• INSTRUCTIONS TO FOLLOW:
Which lines of the entries contain the word "subst"? Please list them.

(Collected data)

•••

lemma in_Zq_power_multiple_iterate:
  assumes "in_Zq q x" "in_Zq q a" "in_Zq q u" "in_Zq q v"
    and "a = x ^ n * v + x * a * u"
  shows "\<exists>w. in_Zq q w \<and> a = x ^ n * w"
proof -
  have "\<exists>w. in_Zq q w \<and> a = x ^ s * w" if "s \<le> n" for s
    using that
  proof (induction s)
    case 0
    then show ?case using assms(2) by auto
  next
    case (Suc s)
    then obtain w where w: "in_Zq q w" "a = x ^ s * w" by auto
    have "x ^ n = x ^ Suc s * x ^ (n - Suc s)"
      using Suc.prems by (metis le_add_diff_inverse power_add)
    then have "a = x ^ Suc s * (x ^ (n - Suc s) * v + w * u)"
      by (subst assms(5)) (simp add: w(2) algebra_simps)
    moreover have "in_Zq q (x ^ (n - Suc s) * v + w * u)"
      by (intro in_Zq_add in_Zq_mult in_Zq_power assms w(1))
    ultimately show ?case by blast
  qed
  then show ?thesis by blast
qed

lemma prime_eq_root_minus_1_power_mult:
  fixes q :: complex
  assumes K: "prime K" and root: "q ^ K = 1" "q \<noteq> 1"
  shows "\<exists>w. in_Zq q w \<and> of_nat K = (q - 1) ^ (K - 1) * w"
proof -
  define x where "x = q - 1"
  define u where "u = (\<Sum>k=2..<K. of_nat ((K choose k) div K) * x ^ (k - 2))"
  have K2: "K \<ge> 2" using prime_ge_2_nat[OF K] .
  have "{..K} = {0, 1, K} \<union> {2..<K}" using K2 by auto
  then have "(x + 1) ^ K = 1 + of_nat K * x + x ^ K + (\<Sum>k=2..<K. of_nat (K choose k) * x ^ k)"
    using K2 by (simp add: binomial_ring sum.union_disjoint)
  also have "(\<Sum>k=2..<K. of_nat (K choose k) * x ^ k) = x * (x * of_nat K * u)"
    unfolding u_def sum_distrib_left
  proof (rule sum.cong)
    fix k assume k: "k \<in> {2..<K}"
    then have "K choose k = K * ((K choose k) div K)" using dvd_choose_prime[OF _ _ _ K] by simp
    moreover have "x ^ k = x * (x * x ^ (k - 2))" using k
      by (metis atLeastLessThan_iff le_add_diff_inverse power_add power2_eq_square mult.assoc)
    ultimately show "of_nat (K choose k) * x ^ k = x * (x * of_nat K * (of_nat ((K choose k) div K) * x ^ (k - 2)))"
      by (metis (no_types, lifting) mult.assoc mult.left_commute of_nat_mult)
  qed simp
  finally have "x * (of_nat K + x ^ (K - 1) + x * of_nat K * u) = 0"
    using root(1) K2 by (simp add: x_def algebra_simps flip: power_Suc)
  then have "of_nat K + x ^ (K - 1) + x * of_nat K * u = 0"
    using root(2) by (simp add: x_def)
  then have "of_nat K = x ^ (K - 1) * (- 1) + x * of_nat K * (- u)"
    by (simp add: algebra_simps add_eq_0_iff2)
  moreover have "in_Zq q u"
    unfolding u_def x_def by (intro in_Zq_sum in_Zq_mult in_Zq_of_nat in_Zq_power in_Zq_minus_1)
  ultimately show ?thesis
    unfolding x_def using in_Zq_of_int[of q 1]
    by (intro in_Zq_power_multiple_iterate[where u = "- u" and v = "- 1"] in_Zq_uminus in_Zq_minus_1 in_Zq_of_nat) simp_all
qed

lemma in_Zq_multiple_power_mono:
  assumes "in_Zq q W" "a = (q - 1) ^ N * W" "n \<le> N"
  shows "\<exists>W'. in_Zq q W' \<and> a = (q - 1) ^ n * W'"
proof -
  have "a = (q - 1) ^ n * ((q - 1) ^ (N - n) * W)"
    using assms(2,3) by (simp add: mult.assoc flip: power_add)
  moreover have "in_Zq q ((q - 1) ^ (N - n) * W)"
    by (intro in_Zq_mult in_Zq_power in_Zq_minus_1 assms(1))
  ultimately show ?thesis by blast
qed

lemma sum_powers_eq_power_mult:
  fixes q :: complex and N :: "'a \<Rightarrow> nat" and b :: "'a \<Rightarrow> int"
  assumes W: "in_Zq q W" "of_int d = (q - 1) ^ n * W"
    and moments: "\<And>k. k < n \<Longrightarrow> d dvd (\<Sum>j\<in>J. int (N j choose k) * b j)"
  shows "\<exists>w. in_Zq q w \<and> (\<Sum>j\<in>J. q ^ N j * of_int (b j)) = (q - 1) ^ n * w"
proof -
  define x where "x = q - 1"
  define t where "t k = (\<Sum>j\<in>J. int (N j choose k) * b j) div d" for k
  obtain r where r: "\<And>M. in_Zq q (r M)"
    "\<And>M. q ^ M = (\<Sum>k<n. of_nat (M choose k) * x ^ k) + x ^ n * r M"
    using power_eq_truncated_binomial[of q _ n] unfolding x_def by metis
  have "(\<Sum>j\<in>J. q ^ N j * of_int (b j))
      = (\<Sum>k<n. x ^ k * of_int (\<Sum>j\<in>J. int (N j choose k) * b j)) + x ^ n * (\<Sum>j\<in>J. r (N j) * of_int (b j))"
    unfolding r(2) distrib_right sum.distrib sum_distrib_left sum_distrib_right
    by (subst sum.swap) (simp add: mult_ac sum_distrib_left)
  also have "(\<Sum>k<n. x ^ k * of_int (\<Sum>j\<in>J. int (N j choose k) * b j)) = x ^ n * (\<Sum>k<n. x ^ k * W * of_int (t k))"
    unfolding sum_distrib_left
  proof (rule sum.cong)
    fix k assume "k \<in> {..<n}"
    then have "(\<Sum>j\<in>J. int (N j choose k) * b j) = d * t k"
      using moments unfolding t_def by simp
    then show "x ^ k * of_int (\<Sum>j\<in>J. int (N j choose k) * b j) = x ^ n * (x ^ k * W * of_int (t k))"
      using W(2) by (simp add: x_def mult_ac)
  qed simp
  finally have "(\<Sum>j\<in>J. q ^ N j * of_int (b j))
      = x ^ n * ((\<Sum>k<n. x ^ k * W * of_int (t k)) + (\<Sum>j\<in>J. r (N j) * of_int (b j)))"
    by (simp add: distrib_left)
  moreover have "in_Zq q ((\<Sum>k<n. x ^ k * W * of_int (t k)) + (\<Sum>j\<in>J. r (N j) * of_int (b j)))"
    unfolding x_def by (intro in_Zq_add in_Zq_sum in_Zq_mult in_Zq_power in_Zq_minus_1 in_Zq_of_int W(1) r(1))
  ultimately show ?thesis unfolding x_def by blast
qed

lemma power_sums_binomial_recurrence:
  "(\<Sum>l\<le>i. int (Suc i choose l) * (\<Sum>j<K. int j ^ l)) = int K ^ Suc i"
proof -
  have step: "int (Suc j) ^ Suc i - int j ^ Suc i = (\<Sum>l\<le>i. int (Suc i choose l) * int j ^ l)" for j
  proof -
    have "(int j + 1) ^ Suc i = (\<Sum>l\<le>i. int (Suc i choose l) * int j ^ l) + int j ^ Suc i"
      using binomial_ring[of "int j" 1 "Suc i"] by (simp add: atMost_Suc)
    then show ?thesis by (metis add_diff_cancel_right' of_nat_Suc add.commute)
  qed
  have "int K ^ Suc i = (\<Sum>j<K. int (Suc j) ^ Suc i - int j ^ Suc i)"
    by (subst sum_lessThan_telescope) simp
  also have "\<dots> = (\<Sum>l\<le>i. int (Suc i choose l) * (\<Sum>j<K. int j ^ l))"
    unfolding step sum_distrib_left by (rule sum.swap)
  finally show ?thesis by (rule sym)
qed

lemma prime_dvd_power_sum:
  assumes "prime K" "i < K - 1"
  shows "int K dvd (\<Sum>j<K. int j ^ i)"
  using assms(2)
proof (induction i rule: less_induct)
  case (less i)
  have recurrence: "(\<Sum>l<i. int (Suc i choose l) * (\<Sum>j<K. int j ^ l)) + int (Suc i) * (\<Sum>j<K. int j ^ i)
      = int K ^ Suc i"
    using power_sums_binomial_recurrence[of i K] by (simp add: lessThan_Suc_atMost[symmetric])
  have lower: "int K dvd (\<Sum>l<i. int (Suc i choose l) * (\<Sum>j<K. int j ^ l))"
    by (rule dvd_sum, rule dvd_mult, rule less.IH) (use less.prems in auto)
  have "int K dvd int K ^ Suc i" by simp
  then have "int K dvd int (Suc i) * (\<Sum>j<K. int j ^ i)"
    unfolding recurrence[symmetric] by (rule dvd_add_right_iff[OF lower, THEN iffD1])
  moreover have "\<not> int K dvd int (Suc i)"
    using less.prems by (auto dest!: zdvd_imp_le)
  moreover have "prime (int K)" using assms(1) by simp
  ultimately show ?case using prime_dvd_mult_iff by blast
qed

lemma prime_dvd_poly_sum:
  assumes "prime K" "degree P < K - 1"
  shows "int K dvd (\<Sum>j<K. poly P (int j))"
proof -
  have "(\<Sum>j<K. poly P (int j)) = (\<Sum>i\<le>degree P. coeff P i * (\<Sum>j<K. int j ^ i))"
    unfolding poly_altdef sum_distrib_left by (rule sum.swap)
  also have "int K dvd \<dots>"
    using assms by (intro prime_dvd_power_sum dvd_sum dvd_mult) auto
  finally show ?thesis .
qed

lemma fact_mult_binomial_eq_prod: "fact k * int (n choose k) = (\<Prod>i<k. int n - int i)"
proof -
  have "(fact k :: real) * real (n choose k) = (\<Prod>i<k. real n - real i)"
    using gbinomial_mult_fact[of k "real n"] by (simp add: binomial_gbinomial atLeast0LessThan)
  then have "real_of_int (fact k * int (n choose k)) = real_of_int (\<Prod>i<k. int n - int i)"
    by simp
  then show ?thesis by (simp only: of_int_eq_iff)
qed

•••

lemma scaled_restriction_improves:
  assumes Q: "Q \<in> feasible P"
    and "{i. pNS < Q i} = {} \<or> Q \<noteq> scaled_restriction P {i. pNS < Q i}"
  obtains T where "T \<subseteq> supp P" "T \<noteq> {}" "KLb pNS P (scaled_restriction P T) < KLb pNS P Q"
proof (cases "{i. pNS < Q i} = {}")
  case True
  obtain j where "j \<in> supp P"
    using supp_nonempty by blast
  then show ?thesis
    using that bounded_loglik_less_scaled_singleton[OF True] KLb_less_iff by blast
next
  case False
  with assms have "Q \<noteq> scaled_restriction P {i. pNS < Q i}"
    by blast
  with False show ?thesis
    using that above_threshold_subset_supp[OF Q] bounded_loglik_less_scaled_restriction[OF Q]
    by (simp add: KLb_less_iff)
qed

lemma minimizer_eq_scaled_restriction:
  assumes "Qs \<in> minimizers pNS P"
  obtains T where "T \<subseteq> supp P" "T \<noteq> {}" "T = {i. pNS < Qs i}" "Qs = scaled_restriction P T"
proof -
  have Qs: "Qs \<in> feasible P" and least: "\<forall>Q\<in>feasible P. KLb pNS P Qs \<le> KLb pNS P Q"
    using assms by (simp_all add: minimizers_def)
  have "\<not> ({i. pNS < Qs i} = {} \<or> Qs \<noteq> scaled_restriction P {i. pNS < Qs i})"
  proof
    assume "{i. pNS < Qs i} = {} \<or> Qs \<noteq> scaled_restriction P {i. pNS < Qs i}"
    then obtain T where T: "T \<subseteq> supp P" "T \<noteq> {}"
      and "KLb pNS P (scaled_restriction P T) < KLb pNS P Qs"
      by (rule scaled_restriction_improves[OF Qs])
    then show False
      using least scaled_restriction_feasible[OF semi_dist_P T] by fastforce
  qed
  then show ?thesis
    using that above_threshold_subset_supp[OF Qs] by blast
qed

•••

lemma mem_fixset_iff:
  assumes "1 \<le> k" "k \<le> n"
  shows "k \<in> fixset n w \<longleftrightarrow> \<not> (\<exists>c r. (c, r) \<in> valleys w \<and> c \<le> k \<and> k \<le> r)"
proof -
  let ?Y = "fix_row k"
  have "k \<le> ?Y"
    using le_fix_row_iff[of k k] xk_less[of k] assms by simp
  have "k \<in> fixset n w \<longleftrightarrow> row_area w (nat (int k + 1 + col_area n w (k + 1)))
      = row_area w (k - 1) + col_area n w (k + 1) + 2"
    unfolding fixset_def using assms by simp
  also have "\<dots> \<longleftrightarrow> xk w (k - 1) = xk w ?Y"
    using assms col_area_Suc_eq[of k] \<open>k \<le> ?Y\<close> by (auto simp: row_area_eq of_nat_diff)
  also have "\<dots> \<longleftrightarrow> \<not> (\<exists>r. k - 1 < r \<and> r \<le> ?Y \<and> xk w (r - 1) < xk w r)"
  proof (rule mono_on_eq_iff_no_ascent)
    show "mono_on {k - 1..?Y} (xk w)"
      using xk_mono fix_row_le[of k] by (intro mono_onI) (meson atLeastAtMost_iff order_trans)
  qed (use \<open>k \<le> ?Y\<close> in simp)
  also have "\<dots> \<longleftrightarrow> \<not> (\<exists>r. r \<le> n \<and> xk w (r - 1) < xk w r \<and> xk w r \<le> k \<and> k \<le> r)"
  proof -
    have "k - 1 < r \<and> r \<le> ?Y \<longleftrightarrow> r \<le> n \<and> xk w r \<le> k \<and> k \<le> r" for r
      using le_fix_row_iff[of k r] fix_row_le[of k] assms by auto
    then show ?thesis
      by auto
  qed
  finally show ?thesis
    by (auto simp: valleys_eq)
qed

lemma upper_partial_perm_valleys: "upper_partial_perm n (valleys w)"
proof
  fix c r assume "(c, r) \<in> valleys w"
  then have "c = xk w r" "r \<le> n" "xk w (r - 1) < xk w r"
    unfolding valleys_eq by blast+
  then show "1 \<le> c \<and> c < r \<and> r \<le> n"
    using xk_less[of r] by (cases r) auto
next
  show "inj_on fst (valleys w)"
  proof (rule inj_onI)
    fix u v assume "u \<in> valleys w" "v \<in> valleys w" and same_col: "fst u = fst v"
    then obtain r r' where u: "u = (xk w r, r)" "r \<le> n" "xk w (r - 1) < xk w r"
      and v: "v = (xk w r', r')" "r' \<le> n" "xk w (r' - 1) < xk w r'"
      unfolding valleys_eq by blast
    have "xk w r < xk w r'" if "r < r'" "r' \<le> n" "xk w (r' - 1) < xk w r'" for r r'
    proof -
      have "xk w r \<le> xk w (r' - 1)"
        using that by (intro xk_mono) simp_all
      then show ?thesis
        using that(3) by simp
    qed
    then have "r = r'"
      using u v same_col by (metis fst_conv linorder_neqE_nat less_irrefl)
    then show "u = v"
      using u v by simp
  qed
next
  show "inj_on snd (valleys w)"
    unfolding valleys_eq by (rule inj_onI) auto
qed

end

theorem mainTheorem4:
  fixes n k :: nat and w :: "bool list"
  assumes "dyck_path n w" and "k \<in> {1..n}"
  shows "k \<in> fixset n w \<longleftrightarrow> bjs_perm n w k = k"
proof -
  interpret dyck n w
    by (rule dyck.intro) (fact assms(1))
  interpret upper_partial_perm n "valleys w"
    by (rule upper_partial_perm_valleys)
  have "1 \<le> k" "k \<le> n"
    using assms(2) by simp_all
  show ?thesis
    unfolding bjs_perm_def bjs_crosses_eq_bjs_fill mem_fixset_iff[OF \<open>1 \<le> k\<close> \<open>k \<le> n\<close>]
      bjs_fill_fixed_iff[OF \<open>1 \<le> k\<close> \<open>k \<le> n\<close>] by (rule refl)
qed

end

•••

• ANSWER SPACE:
      by (subst assms(5)) (simp add: w(2) algebra_simps)
    by (subst sum.swap) (simp add: mult_ac sum_distrib_left)
    by (subst sum_lessThan_telescope) simp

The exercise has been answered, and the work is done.